I don’t talk to them too often. Just enough to not make it worse for everyone.
I’m a little bit of a pariah at the lab at the other end of this, too. I’m The Student, the one who’d actually lived in the town and whose parents worked at this school and sent her there, the one who made it out alive and relatively whole, the one who wasn’t driven mad by the things in this desolate space, or at least not permanently and disablingly so. My chaperones simply think I am mad or odd, but the scientists are afraid. I can’t fathom why, and stopped trying a while ago.
“How’s it going out there, Cait?”
“No aberrant readings, yet.

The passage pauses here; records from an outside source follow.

(* Let $\mathcal H$ be a Hilbert space and $\mathcal S,\mathcal A\subseteq\mathcal H$ closed subspaces with $\mathcal S,\mathcal A,\mathcal S^\perp,\mathcal A^\perp$ nonzero and $\mathcal A\oplus\mathcal S^\perp=\mathcal H$. Fix $\lambda\in[0,1]$, let $B:=\lambda P_{\mathcal A\mathcal S^\perp}+(1-\lambda)P_{\mathcal S}$ and $\mathcal B:=\mathcal R(B)$. Then $$\frac{1}{1+\lambda^2\frac{\sin^2(\mathcal A,\mathcal S)}{\cos^2(\mathcal A,\mathcal S)}}\le\cos^2(\mathcal B,\mathcal S)\le\frac{1}{1+\lambda^2\frac{\cos^2(\mathcal A,\mathcal S^\perp)}{\sin^2(\mathcal A,\mathcal S^\perp)}}.$$ In particular $\cos(\mathcal B,\mathcal S)\ge\cos(\mathcal A,\mathcal S)$.
   Context: $P_{\mathcal V}$ is the orthogonal projection onto a closed subspace $\mathcal V$, $\mathcal V^\perp$ its orthogonal complement, $\mathcal R(\cdot)$ the range. For closed subspaces with $\mathcal V_1\oplus\mathcal V_2=\mathcal H$, $P_{\mathcal V_1\mathcal V_2}$ is the oblique projection onto $\mathcal V_1$ along $\mathcal V_2$ (identity on $\mathcal V_1$, zero on $\mathcal V_2$). Angles between nonzero closed subspaces: $\cos(\mathcal V_1,\mathcal V_2):=\inf_{0\ne x\in\mathcal V_1}\|P_{\mathcal V_2}x\|/\|x\|$, $\sin(\mathcal V_1,\mathcal V_2):=\sup_{0\ne x\in\mathcal V_1}\|P_{\mathcal V_2^\perp}x\|/\|x\|$. *)

theory Defs
  imports "HOL-Analysis.Analysis"
begin

definition oproj :: "'a::real_inner set \<Rightarrow> 'a \<Rightarrow> 'a" where
  "oproj V x = (THE v. v \<in> V \<and> x - v \<in> orthogonal_comp V)"

definition obproj :: "'a::real_vector set \<Rightarrow> 'a set \<Rightarrow> 'a \<Rightarrow> 'a" where
  "obproj V1 V2 x = (THE v. v \<in> V1 \<and> x - v \<in> V2)"

definition direct_sum_UNIV :: "'a::real_vector set \<Rightarrow> 'a set \<Rightarrow> bool" where
  "direct_sum_UNIV V1 V2 \<longleftrightarrow> V1 \<inter> V2 = {0} \<and> (\<forall>x. \<exists>a\<in>V1. \<exists>b\<in>V2. x = a + b)"

definition cos_angle :: "'a::real_inner set \<Rightarrow> 'a set \<Rightarrow> real" where
  "cos_angle V1 V2 = Inf {norm (oproj V2 x) / norm x | x. x \<in> V1 \<and> x \<noteq> 0}"

definition sin_angle :: "'a::real_inner set \<Rightarrow> 'a set \<Rightarrow> real" where
  "sin_angle V1 V2 = Sup {norm (oproj (orthogonal_comp V2) x) / norm x | x. x \<in> V1 \<and> x \<noteq> 0}"

end

theory Submission
  imports Defs
begin
(* Assume $|\chi|=\infty$ and that $q=\chi^{-1}(a)$ has finite order $s$. For every $m\ge0$ there is an $H$-module $E_m\in P_m$ with $V_{s+1}(\varepsilon)^{\otimes m}\cong V_{ms+1}(\varepsilon)\oplus E_m$, where $P_0=\{0\}$ and, for $m\ge1$, $P_m$ is the class of modules of the form $\bigoplus_{i=1}^{ms}n_iV_i(\lambda_i)$ with $\lambda_i\in\hat G$ and integers $n_i\ge0$.
   Context: Let $k$ be an algebraically closed field of characteristic zero, $G$ a group, $a$ a central element of $G$, $\hat G$ the group of characters $G\to k^\times$ with identity $\varepsilon$, and $\chi\in\hat G$ with $\chi(a)\ne1$. $H=kG(\chi^{-1},a,0)$ is the Hopf algebra generated by the group $G$ and $x$ with $xg=\chi^{-1}(g)gx$, $\Delta(g)=g\otimes g$, $\Delta(x)=x\otimes a+1\otimes x$; tensor products of $H$-modules: $g(m\otimes n)=gm\otimes gn$, $x(m\otimes n)=xm\otimes an+m\otimes xn$. $V_t(\lambda)$ ($\lambda\in\hat G$, $t\ge1$) has basis $m_0,\dots,m_{t-1}$, $gm_i=\chi^i(g)\lambda(g)m_i$, $xm_i=m_{i+1}$ ($i\le t-2$), $xm_{t-1}=0$. $V^{\otimes0}=V_1(\varepsilon)$; $nM$ is the direct sum of $n$ copies of $M$. *)

theory Defs
  imports "Jordan_Normal_Form.Matrix" "HOL-Algebra.Group" "HOL-Computational_Algebra.Polynomial"
begin

text \<open>Algebraically closed field (the characteristic-zero hypothesis is the type class field_char_0).\<close>
definition alg_closed :: "'k::field itself \<Rightarrow> bool" where
  "alg_closed _ \<longleftrightarrow> (\<forall>p::'k poly. degree p \<ge> 1 \<longrightarrow> (\<exists>x. poly p x = 0))"

definition character :: "('g, 'b) monoid_scheme \<Rightarrow> ('g \<Rightarrow> 'k::field) \<Rightarrow> bool" where
  "character G \<mu> \<longleftrightarrow> (\<forall>g\<in>carrier G. \<mu> g \<noteq> 0) \<and>
     (\<forall>g\<in>carrier G. \<forall>h\<in>carrier G. \<mu> (g \<otimes>\<^bsub>G\<^esub> h) = \<mu> g * \<mu> h)"

definition eps_char :: "'g \<Rightarrow> 'k::field" where
  "eps_char = (\<lambda>_. 1)"

text \<open>A finite-dimensional H-module, H = kG(chi^{-1},a,0), given in matrix form with respect
  to a chosen basis: the matrices of the action of every g in G, and the matrix of the action of x.\<close>
type_synonym ('g, 'k) hmod = "('g \<Rightarrow> 'k mat) \<times> 'k mat"

definition hdim :: "('g, 'k) hmod \<Rightarrow> nat" where
  "hdim M = dim_row (snd M)"

definition hmod_iso :: "('g, 'b) monoid_scheme \<Rightarrow> ('g, 'k::field) hmod \<Rightarrow> ('g, 'k) hmod \<Rightarrow> bool" where
  "hmod_iso G M N \<longleftrightarrow> (\<exists>P Q. P \<in> carrier_mat (hdim N) (hdim M) \<and> Q \<in> carrier_mat (hdim M) (hdim N) \<and>
      P * Q = 1\<^sub>m (hdim N) \<and> Q * P = 1\<^sub>m (hdim M) \<and>
      (\<forall>g\<in>carrier G. P * fst M g = fst N g * P) \<and> P * snd M = snd N * P)"

text \<open>The module V_t(lambda): basis m_0..m_{t-1}, g m_i = chi^i(g) lambda(g) m_i, x m_i = m_{i+1},
  x m_{t-1} = 0 (columns are the images of basis vectors).\<close>
definition Vmod :: "('g \<Rightarrow> 'k::field) \<Rightarrow> nat \<Rightarrow> ('g \<Rightarrow> 'k) \<Rightarrow> ('g, 'k) hmod" where
  "Vmod \<chi> t \<mu> = ((\<lambda>g. mat t t (\<lambda>(i,j). if i = j then \<chi> g ^ i * \<mu> g else 0)),
                  mat t t (\<lambda>(i,j). if i = j + 1 then 1 else 0))"

definition kron :: "'k::field mat \<Rightarrow> 'k mat \<Rightarrow> 'k mat" where
  "kron A B = mat (dim_row A * dim_row B) (dim_col A * dim_col B)
     (\<lambda>(i,j). A $$ (i div dim_row B, j div dim_col B) * B $$ (i mod dim_row B, j mod dim_col B))"

text \<open>Tensor product of H-modules: g(m\<otimes>n) = gm\<otimes>gn, x(m\<otimes>n) = xm\<otimes>an + m\<otimes>xn.\<close>
definition htensor :: "'g \<Rightarrow> ('g, 'k::field) hmod \<Rightarrow> ('g, 'k) hmod \<Rightarrow> ('g, 'k) hmod" where
  "htensor a M N = ((\<lambda>g. kron (fst M g) (fst N g)),
                    kron (snd M) (fst N a) + kron (1\<^sub>m (hdim M)) (snd N))"

definition hdsum :: "('g, 'k::field) hmod \<Rightarrow> ('g, 'k) hmod \<Rightarrow> ('g, 'k) hmod" where
  "hdsum M N = ((\<lambda>g. four_block_mat (fst M g) (0\<^sub>m (hdim M) (hdim N)) (0\<^sub>m (hdim N) (hdim M)) (fst N g)),
                four_block_mat (snd M) (0\<^sub>m (hdim M) (hdim N)) (0\<^sub>m (hdim N) (hdim M)) (snd N))"

definition hzero :: "('g, 'k::field) hmod" where
  "hzero = ((\<lambda>g. 0\<^sub>m 0 0), 0\<^sub>m 0 0)"
(* Repeatedly choose independent uniformly random breaking points in $[0,1]$ (each new point further subdivides the current partition of $[0,1]$ into segments). Let $E$ be the event that after the first two breaks some three segments form a triangle (i.e. the three segments then present form a triangle), and after the third break no three of the four segments form a triangle. Then $\mathbb P[E] = \frac{3}{112}$.
   Context: Three lengths form a triangle iff each is less than the sum of the other two. *)

theory Defs
  imports "HOL-Probability.Probability"
begin

definition forms_triangle :: "real \<Rightarrow> real \<Rightarrow> real \<Rightarrow> bool" where
  "forms_triangle a b c \<longleftrightarrow> a < b + c \<and> b < a + c \<and> c < a + b"

definition seg_lengths :: "real list \<Rightarrow> real list" where
  "seg_lengths ps = (let s = sort (0 # ps @ [1]) in
      map (\<lambda>i. s ! (i + 1) - s ! i) [0..<length ps + 1])"

definition some_triangle :: "real list \<Rightarrow> bool" where
  "some_triangle L \<longleftrightarrow> (\<exists>i j k. i < length L \<and> j < length L \<and> k < length L \<and>
      distinct [i, j, k] \<and> forms_triangle (L ! i) (L ! j) (L ! k))"

definition break_space :: "(nat \<Rightarrow> real) measure" where
  "break_space = PiM {..<3} (\<lambda>_. uniform_measure lborel {0..1})"

end

theory Submission
  imports Defs
begin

EM fields are the same as usual, maybe a little high, air pressure a little bit lower, but it looks like the weather might be planning something interesting to make up for how quiet everything else is. Out for now, Andy.” I squint up at the sky around the tear, and try to judge where the sun might be, behind building clouds. Usually the direction of light is enough, but today it is ambient, scattered by a Fresnel lens of stratus clouds stretching between horizons. The timer on my suit’s display reads a little before noon, and my estimate gives me maybe an hour or two before an enormous shadow, cast by nothing, by a hole, sweeps across the town, and I shiver at this thought. One of the readouts in my periphery jumps, settles, jumps again, as if in sympathy.